# [TASK]
Lines from the entries below that hold "assumes" form the answer; copy all of them.
---------- DATA EXTRACT ----------
(* Let $G$ be an infinite connected bipartite graph with maximum degree $d$ and Cheeger constant $h$, let $M\ge1$ be an integer, and let $a,b$ be integers with $0\le b-a\le 2M$. Let $G'$ be a finite set of vertices of $G$. Assume $h\ge 4M\log\big(d^4(4M+1)\big)$ and let $f\sim\nu^{a,b}_{G',M}$. Then for all $v_0\in G'$ and all $n\ge1$, $$\mathbb{P}\big(|A(f,v_0)|=n\big)\le\exp\Big(-\frac{hn}{4M}\Big).$$
   Context: The Cheeger constant is $h=\inf\{|\partial S|/|S|: S\subset V,\ 0<|S|<\infty\}$ where $\partial S$ is the set of vertices outside $S$ with a neighbour in $S$. The two partite classes of $G$ are called even and odd. $\nu^{a,b}_{G',M}$ is the uniform probability measure on the set of $M$-Lipschitz functions $f\colon G'\cup\partial G'\to\mathbb{Z}$ (i.e. $|f(u)-f(v)|\le M$ for adjacent $u,v$) such that $f(v)\in\{a,\dots,b\}$ for even $v\in\partial G'$ and $f(v)\in\{b-M,\dots,a+M\}$ for odd $v\in\partial G'$. For such $f$, $B(f)$ is the set of odd vertices $v\in G'\cup\partial G'$ with $f(v)\notin\{b-M,\dots,a+M\}$ together with the even vertices $v\in G'\cup\partial G'$ with $f(v)\notin\{a,\dots,b\}$. $A(f,v)$ is the connected component containing $v$ of the graph on $B(f)$ in which two vertices are joined when their graph distance in $G$ is at most $2$ (empty if $v\notin B(f)$). *)

theory Defs
  imports "HOL-Probability.Probability"
begin

text \<open>A graph on vertex type 'v (vertex set = UNIV) with adjacency relation E.\<close>

definition simple_graph :: "('v \<Rightarrow> 'v \<Rightarrow> bool) \<Rightarrow> bool" where
  "simple_graph E \<longleftrightarrow> (\<forall>u v. E u v \<longrightarrow> E v u) \<and> (\<forall>v. \<not> E v v)"

definition connected_graph :: "('v \<Rightarrow> 'v \<Rightarrow> bool) \<Rightarrow> bool" where
  "connected_graph E \<longleftrightarrow> (\<forall>u v. E\<^sup>*\<^sup>* u v)"

definition bipartition :: "('v \<Rightarrow> 'v \<Rightarrow> bool) \<Rightarrow> ('v \<Rightarrow> bool) \<Rightarrow> bool" where
  "bipartition E isev \<longleftrightarrow> (\<forall>u v. E u v \<longrightarrow> (isev u \<longleftrightarrow> \<not> isev v))"

definition max_degree :: "('v \<Rightarrow> 'v \<Rightarrow> bool) \<Rightarrow> nat \<Rightarrow> bool" where
  "max_degree E d \<longleftrightarrow> (\<forall>v. finite {u. E v u} \<and> card {u. E v u} \<le> d)
                       \<and> (\<exists>v. card {u. E v u} = d)"

definition vboundary :: "('v \<Rightarrow> 'v \<Rightarrow> bool) \<Rightarrow> 'v set \<Rightarrow> 'v set" where
  "vboundary E S = {v. v \<notin> S \<and> (\<exists>u\<in>S. E v u)}"

definition cheeger :: "('v \<Rightarrow> 'v \<Rightarrow> bool) \<Rightarrow> real" where
  "cheeger E = Inf {real (card (vboundary E S)) / real (card S) | S. finite S \<and> S \<noteq> {}}"

definition dist_le2 :: "('v \<Rightarrow> 'v \<Rightarrow> bool) \<Rightarrow> 'v \<Rightarrow> 'v \<Rightarrow> bool" where
  "dist_le2 E u v \<longleftrightarrow> u = v \<or> E u v \<or> (\<exists>w. E u w \<and> E w v)"

definition lip_funs :: "('v \<Rightarrow> 'v \<Rightarrow> bool) \<Rightarrow> ('v \<Rightarrow> bool) \<Rightarrow> 'v set \<Rightarrow> int \<Rightarrow> int \<Rightarrow> int
                        \<Rightarrow> ('v \<Rightarrow> int) set" where
  "lip_funs E isev G' M a b =
     {f. (\<forall>v. v \<notin> G' \<union> vboundary E G' \<longrightarrow> f v = 0)
       \<and> (\<forall>u\<in>G' \<union> vboundary E G'. \<forall>v\<in>G' \<union> vboundary E G'. E u v \<longrightarrow> \<bar>f u - f v\<bar> \<le> M)
       \<and> (\<forall>v\<in>vboundary E G'. isev v \<longrightarrow> f v \<in> {a..b})
       \<and> (\<forall>v\<in>vboundary E G'. \<not> isev v \<longrightarrow> f v \<in> {b-M..a+M})}"

definition nu :: "('v \<Rightarrow> 'v \<Rightarrow> bool) \<Rightarrow> ('v \<Rightarrow> bool) \<Rightarrow> 'v set \<Rightarrow> int \<Rightarrow> int \<Rightarrow> int
                  \<Rightarrow> ('v \<Rightarrow> int) pmf" where
  "nu E isev G' M a b = pmf_of_set (lip_funs E isev G' M a b)"

definition Bset :: "('v \<Rightarrow> 'v \<Rightarrow> bool) \<Rightarrow> ('v \<Rightarrow> bool) \<Rightarrow> 'v set \<Rightarrow> int \<Rightarrow> int \<Rightarrow> int
                    \<Rightarrow> ('v \<Rightarrow> int) \<Rightarrow> 'v set" where
  "Bset E isev G' M a b f =
     {v \<in> G' \<union> vboundary E G'. (\<not> isev v \<and> f v \<notin> {b-M..a+M}) \<or> (isev v \<and> f v \<notin> {a..b})}"

definition Acomp :: "('v \<Rightarrow> 'v \<Rightarrow> bool) \<Rightarrow> ('v \<Rightarrow> bool) \<Rightarrow> 'v set \<Rightarrow> int \<Rightarrow> int \<Rightarrow> int
                    \<Rightarrow> ('v \<Rightarrow> int) \<Rightarrow> 'v \<Rightarrow> 'v set" where
  "Acomp E isev G' M a b f v =
     (let B = Bset E isev G' M a b f in
      {u. v \<in> B \<and> (\<lambda>x y. x \<in> B \<and> y \<in> B \<and> dist_le2 E x y)\<^sup>*\<^sup>* v u})"

end

theory Submission
  imports Defs
begin

(*
  A Peierls argument. Let \<rho> = 2M/(2M+1). If A(f, v0) = A, then f is bad on A and good at every
  vertex of G' \<union> \<partial>G' outside A within distance 2 of A, in particular on \<partial>A. Overwriting f on
  A \<union> \<partial>A by arbitrary good values yields distinct admissible functions. Conversely, the bad values
  on A can be revealed from outside A with at most 4M choices per vertex, and each vertex of \<partial>A
  is adjacent to a bad value, which excludes at least one of its at most 2M+1 good values.
  Hence P(A(f, v0) = A) \<le> (4M)^|A| \<rho>^|\<partial>A| \<le> (4M)^n \<rho>^(hn).
  Such sets A are connected in the distance-two graph, whose degrees are at most d^2, and a
  depth-first exploration word of length 2(n - 1) describes each of them, so there are at most
  (4d^2)^(n-1) of them. Finally h \<le> d, and the hypothesis on h gives 16 M d^2 \<rho>^h \<le> exp (-h/(4M)).
*)

section \<open>Counting Lipschitz functions\<close>

lemma rtranclp_exit_edge:
  assumes "R\<^sup>*\<^sup>* x0 z0" "x0 \<in> T" "z0 \<notin> T"
  shows "\<exists>x z. R\<^sup>*\<^sup>* x0 x \<and> x \<in> T \<and> z \<notin> T \<and> R x z"
  using assms(1,3)
proof (induction rule: rtranclp_induct)
  case base
  then show ?case using assms(2) by blast
next
  case (step y z)
  then show ?case by (cases "y \<in> T") auto
qed

lemma card_le_card_image_mult:
  assumes inj: "inj_on (\<lambda>x. (p x, q x)) X" and fin: "finite (p ` X)"
    and fibre: "\<And>x. x \<in> X \<Longrightarrow> q x \<in> C (p x)"
    and C: "\<And>x. x \<in> X \<Longrightarrow> finite (C (p x)) \<and> card (C (p x)) \<le> K"
  shows "finite X \<and> card X \<le> card (p ` X) * K"
proof -
  let ?S = "SIGMA y:p ` X. C y"
  have sub: "(\<lambda>x. (p x, q x)) ` X \<subseteq> ?S" using fibre by auto
  have finS: "finite ?S" using fin C by auto
  have "card X = card ((\<lambda>x. (p x, q x)) ` X)" using card_image[OF inj] by simp
  also have "\<dots> \<le> card ?S" using card_mono[OF finS sub] .
  also have "\<dots> = (\<Sum>y\<in>p ` X. card (C y))" using fin C by (auto intro: card_SigmaI)
  also have "\<dots> \<le> card (p ` X) * K"
    using sum_bounded_above[of "p ` X" "\<lambda>y. card (C y)" K] C by auto
  finally show ?thesis
    using finite_imageD[OF finite_subset[OF sub finS] inj] by blast
qed

context
  fixes E :: "'v \<Rightarrow> 'v \<Rightarrow> bool" and A :: "'v set" and F :: "('v \<Rightarrow> int) set"
    and Z :: "'v \<Rightarrow> int set" and M :: int and c :: nat
  assumes connected: "\<And>u v. E\<^sup>*\<^sup>* u v" and infinite: "infinite (UNIV :: 'v set)"
    and finite_A: "finite A"
    and Lipschitz:
      "\<And>\<phi> x y. \<phi> \<in> F \<Longrightarrow> x \<in> A \<Longrightarrow> y \<in> A \<Longrightarrow> E x y \<Longrightarrow> \<bar>\<phi> x - \<phi> y\<bar> \<le> M"
    and anchored: "\<And>\<phi> x u. \<phi> \<in> F \<Longrightarrow> x \<in> A \<Longrightarrow> u \<notin> A \<Longrightarrow> E x u \<Longrightarrow> \<phi> x \<in> Z x"
    and card_Z: "\<And>x. x \<in> A \<Longrightarrow> finite (Z x) \<and> card (Z x) \<le> c"
    and c_ge: "2 * M + 1 \<le> int c"
begin

lemma card_restrict_image_grow:
  assumes S: "S \<subset> A" and fin: "finite ((\<lambda>\<phi>. restrict \<phi> S) ` F)"
  shows "\<exists>x\<in>A - S. finite ((\<lambda>\<phi>. restrict \<phi> (insert x S)) ` F) \<and>
           card ((\<lambda>\<phi>. restrict \<phi> (insert x S)) ` F) \<le> card ((\<lambda>\<phi>. restrict \<phi> S) ` F) * c"
proof -
  obtain x0 where "x0 \<in> A - S" using S by blast
  moreover obtain z0 where "z0 \<notin> A - S" using infinite finite_A ex_new_if_finite[of "A - S"] by auto
  ultimately obtain x z where xz: "x \<in> A - S" "z \<notin> A - S" "E x z"
    using rtranclp_exit_edge[of E x0 z0 "A - S"] connected by blast
  \<comment> \<open>The value at x is confined by z: by the Lipschitz condition if z is already revealed,
    by the anchoring if z lies outside A.\<close>
  define Y where "Y \<sigma> = (if z \<in> S then {\<sigma> z - M .. \<sigma> z + M} else Z x)" for \<sigma> :: "'v \<Rightarrow> int"
  let ?G = "(\<lambda>\<phi>. restrict \<phi> (insert x S)) ` F"
  have image_eq: "(\<lambda>g. restrict g S) ` ?G = (\<lambda>\<phi>. restrict \<phi> S) ` F"
    using xz(1) by (simp add: image_image restrict_restrict Int_absorb1 subset_insertI)
  have "finite ?G \<and> card ?G \<le> card ((\<lambda>g. restrict g S) ` ?G) * c"
  proof (rule card_le_card_image_mult[where q = "\<lambda>g. g x" and C = Y])
    show "inj_on (\<lambda>g. (restrict g S, g x)) ?G"
    proof (rule inj_onI)
      fix g1 g2 assume "g1 \<in> ?G" "g2 \<in> ?G" and eq: "(restrict g1 S, g1 x) = (restrict g2 S, g2 x)"
      then have ext: "g1 \<in> extensional (insert x S)" "g2 \<in> extensional (insert x S)" by auto
      from eq have "restrict g1 S = restrict g2 S" "g1 x = g2 x" by auto
      then show "g1 = g2" by (intro extensionalityI[OF ext]) (metis insert_iff restrict_apply')
    qed
    show "finite ((\<lambda>g. restrict g S) ` ?G)" using fin image_eq by simp
  next
    fix g assume "g \<in> ?G"
    then obtain \<phi> where \<phi>: "\<phi> \<in> F" "g = restrict \<phi> (insert x S)" by blast
    show "g x \<in> Y (restrict g S)"
    proof (cases "z \<in> S")
      case True
      then show ?thesis using Lipschitz[OF \<phi>(1), of x z] xz S \<phi>(2) by (auto simp: Y_def)
    next
      case False
      then show ?thesis using anchored[OF \<phi>(1), of x z] xz \<phi>(2) by (auto simp: Y_def)
    qed
    show "finite (Y (restrict g S)) \<and> card (Y (restrict g S)) \<le> c"
      using card_Z xz(1) c_ge by (auto simp: Y_def)
  qed
  then show ?thesis using image_eq xz(1) by auto
qed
----------
# [EXERCISE RESPONSE]
  assumes "R\<^sup>*\<^sup>* x0 z0" "x0 \<in> T" "z0 \<notin> T"
  assumes inj: "inj_on (\<lambda>x. (p x, q x)) X" and fin: "finite (p ` X)"
  assumes connected: "\<And>u v. E\<^sup>*\<^sup>* u v" and infinite: "infinite (UNIV :: 'v set)"
  assumes S: "S \<subset> A" and fin: "finite ((\<lambda>\<phi>. restrict \<phi> S) ` F)"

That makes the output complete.